Problem description: Restate word for word the line containing "such \<open>h\<close> gives an" and each line that follows it, through the last line below, and nothing else.
(Beginning of Records to use)
(* Fix $\mu\in\mathbb{C}$. Two rational functions $r_1(z),r_2(z)\in\mathbb{C}(z)^\times$ yield isomorphic $\mathfrak{sl}(2)$-modules $(\mathbb{C}(z),\rho^{(\mu)}_{r_1})\cong(\mathbb{C}(z),\rho^{(\mu)}_{r_2})$ if and only if there exist $\alpha_1,\dots,\alpha_n\in\mathbb{C}$ and $a_1,\dots,a_n\in\mathbb{Z}$ such that $$\frac{r_2(z)}{r_1(z)}=\prod_{i=1}^n\frac{z-\alpha_i}{z+a_i-\alpha_i}.$$
   Context: $\mathfrak{sl}(2)$ has basis $L_{-1}=f$, $L_0=-\tfrac12 h$, $L_1=-e$ for a Chevalley basis $e,f,h$ ($[e,f]=h$, $[h,e]=2e$, $[h,f]=-2f$). Let $\nabla$ be the $\mathbb{C}$-linear automorphism of $\mathbb{C}(z)$ given by $\nabla(g)(z)=g(z+1)$, and $\pi_\mu(z)=z(z-1)-\mu$. For $r(z)\in\mathbb{C}(z)^\times$, $\rho^{(\mu)}_r$ is the $\mathfrak{sl}(2)$-representation on the one-dimensional $\mathbb{C}(z)$-vector space $\mathbb{C}(z)$ given by $\rho^{(\mu)}_r(L_{-1})=\frac{\pi_\mu(z)}{r(z-1)}\circ\nabla^{-1}$, $\rho^{(\mu)}_r(L_0)=$ multiplication by $z$, $\rho^{(\mu)}_r(L_1)=r(z)\circ\nabla$ (a Casimir module of level $\mu$). *)

theory Defs
  imports "HOL-Computational_Algebra.Computational_Algebra"
          "HOL-Computational_Algebra.Polynomial_Factorial"
          "HOL-Computational_Algebra.Normalized_Fraction"
          "HOL-Computational_Algebra.Field_as_Ring"
begin

type_synonym ratfun = "complex poly fract"

definition rf_poly :: "complex poly \<Rightarrow> ratfun" where
  "rf_poly p = Fract p 1"

definition rf_const :: "complex \<Rightarrow> ratfun" where
  "rf_const c = rf_poly [:c:]"

definition rf_z :: ratfun where
  "rf_z = rf_poly [:0, 1:]"

definition rf_shift :: "complex \<Rightarrow> ratfun \<Rightarrow> ratfun" where
  "rf_shift t g = (case quot_of_fract g of (p, q) \<Rightarrow>
      Fract (pcompose p [:t, 1:]) (pcompose q [:t, 1:]))"

definition nabla :: "ratfun \<Rightarrow> ratfun" where
  "nabla = rf_shift 1"

definition nabla_inv :: "ratfun \<Rightarrow> ratfun" where
  "nabla_inv = rf_shift (-1)"

definition pi_mu :: "complex \<Rightarrow> ratfun" where
  "pi_mu \<mu> = rf_z * (rf_z - 1) - rf_const \<mu>"

datatype sl2_basis = Lm1 | L0 | L1

fun casimir_rep :: "complex \<Rightarrow> ratfun \<Rightarrow> sl2_basis \<Rightarrow> ratfun \<Rightarrow> ratfun" where
  "casimir_rep \<mu> r Lm1 g = (pi_mu \<mu> / nabla_inv r) * nabla_inv g"
| "casimir_rep \<mu> r L0 g = rf_z * g"
| "casimir_rep \<mu> r L1 g = r * nabla g"

text \<open>Isomorphism of sl(2)-modules: a C-linear bijection intertwining the action
  of the basis (hence of all of sl(2), by linearity).\<close>
definition sl2_iso :: "(sl2_basis \<Rightarrow> ratfun \<Rightarrow> ratfun) \<Rightarrow> (sl2_basis \<Rightarrow> ratfun \<Rightarrow> ratfun) \<Rightarrow> (ratfun \<Rightarrow> ratfun) \<Rightarrow> bool" where
  "sl2_iso \<rho>1 \<rho>2 \<phi> \<longleftrightarrow>
     bij \<phi>
     \<and> (\<forall>f g. \<phi> (f + g) = \<phi> f + \<phi> g)
     \<and> (\<forall>c f. \<phi> (rf_const c * f) = rf_const c * \<phi> f)
     \<and> (\<forall>x f. \<phi> (\<rho>1 x f) = \<rho>2 x (\<phi> f))"

definition sl2_isomorphic :: "(sl2_basis \<Rightarrow> ratfun \<Rightarrow> ratfun) \<Rightarrow> (sl2_basis \<Rightarrow> ratfun \<Rightarrow> ratfun) \<Rightarrow> bool" where
  "sl2_isomorphic \<rho>1 \<rho>2 \<longleftrightarrow> (\<exists>\<phi>. sl2_iso \<rho>1 \<rho>2 \<phi>)"

end

theory Submission
  imports Defs
begin

text \<open>An isomorphism \<open>\<phi>\<close> commutes with multiplication by \<open>z\<close> and by constants, hence with
  multiplication by every rational function, so it is multiplication by \<open>h = \<phi> 1 \<noteq> 0\<close>; intertwining
  \<open>L\<^sub>1\<close> then says \<open>r\<^sub>1 h = r\<^sub>2 \<nabla>h\<close>, i.e. \<open>r\<^sub>2/r\<^sub>1 = h/\<nabla>h\<close>, and conversely every such \<open>h\<close> gives an
  isomorphism. The quotients \<open>h/\<nabla>h\<close> form a group, which is generated by the factors
  \<open>(z - \<alpha>)/(z + a - \<alpha>)\<close>: splitting numerator and denominator of \<open>h\<close> into linear factors, each
  \<open>z - \<beta>\<close> contributes \<open>(z - \<beta>)/(z + 1 - \<beta>)\<close>, and conversely
  \<open>(z - \<alpha>)/(z + n - \<alpha>)\<close> telescopes into a product of \<open>n\<close> such quotients.\<close>

lemma pcompose_linear_eq_0_iff: "pcompose p [:t, 1:] = 0 \<longleftrightarrow> p = (0::'a::idom poly)"
  using pcompose_eq_0[of p "[:t, 1:]"] by auto

lemma rf_shift_Fract:
  assumes "q \<noteq> 0"
  shows "rf_shift t (Fract p q) = Fract (pcompose p [:t, 1:]) (pcompose q [:t, 1:])"
proof -
  obtain p' q' where pq': "quot_of_fract (Fract p q) = (p', q')"
    by (cases "quot_of_fract (Fract p q)")
  have q': "q' \<noteq> 0"
    using snd_quot_of_fract_nonzero[of "Fract p q"] pq' by simp
  have "Fract p' q' = Fract p q"
    using Fract_quot_of_fract[of "Fract p q"] pq' by simp
  then have "p' * q = p * q'"
    using eq_fract(1)[OF q' assms] by simp
  then have "pcompose p' [:t, 1:] * pcompose q [:t, 1:] = pcompose p [:t, 1:] * pcompose q' [:t, 1:]"
    by (metis pcompose_mult)
  then show ?thesis
    using q' assms by (simp add: rf_shift_def pq' eq_fract(1) pcompose_linear_eq_0_iff)
qed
(End of Records to use)
Written answer:
  \<open>L\<^sub>1\<close> then says \<open>r\<^sub>1 h = r\<^sub>2 \<nabla>h\<close>, i.e. \<open>r\<^sub>2/r\<^sub>1 = h/\<nabla>h\<close>, and conversely every such \<open>h\<close> gives an
  isomorphism. The quotients \<open>h/\<nabla>h\<close> form a group, which is generated by the factors
  \<open>(z - \<alpha>)/(z + a - \<alpha>)\<close>: splitting numerator and denominator of \<open>h\<close> into linear factors, each
  \<open>z - \<beta>\<close> contributes \<open>(z - \<beta>)/(z + 1 - \<beta>)\<close>, and conversely
  \<open>(z - \<alpha>)/(z + n - \<alpha>)\<close> telescopes into a product of \<open>n\<close> such quotients.\<close>

lemma pcompose_linear_eq_0_iff: "pcompose p [:t, 1:] = 0 \<longleftrightarrow> p = (0::'a::idom poly)"
  using pcompose_eq_0[of p "[:t, 1:]"] by auto

lemma rf_shift_Fract:
  assumes "q \<noteq> 0"
  shows "rf_shift t (Fract p q) = Fract (pcompose p [:t, 1:]) (pcompose q [:t, 1:])"
proof -
  obtain p' q' where pq': "quot_of_fract (Fract p q) = (p', q')"
    by (cases "quot_of_fract (Fract p q)")
  have q': "q' \<noteq> 0"
    using snd_quot_of_fract_nonzero[of "Fract p q"] pq' by simp
  have "Fract p' q' = Fract p q"
    using Fract_quot_of_fract[of "Fract p q"] pq' by simp
  then have "p' * q = p * q'"
    using eq_fract(1)[OF q' assms] by simp
  then have "pcompose p' [:t, 1:] * pcompose q [:t, 1:] = pcompose p [:t, 1:] * pcompose q' [:t, 1:]"
    by (metis pcompose_mult)
  then show ?thesis
    using q' assms by (simp add: rf_shift_def pq' eq_fract(1) pcompose_linear_eq_0_iff)
qed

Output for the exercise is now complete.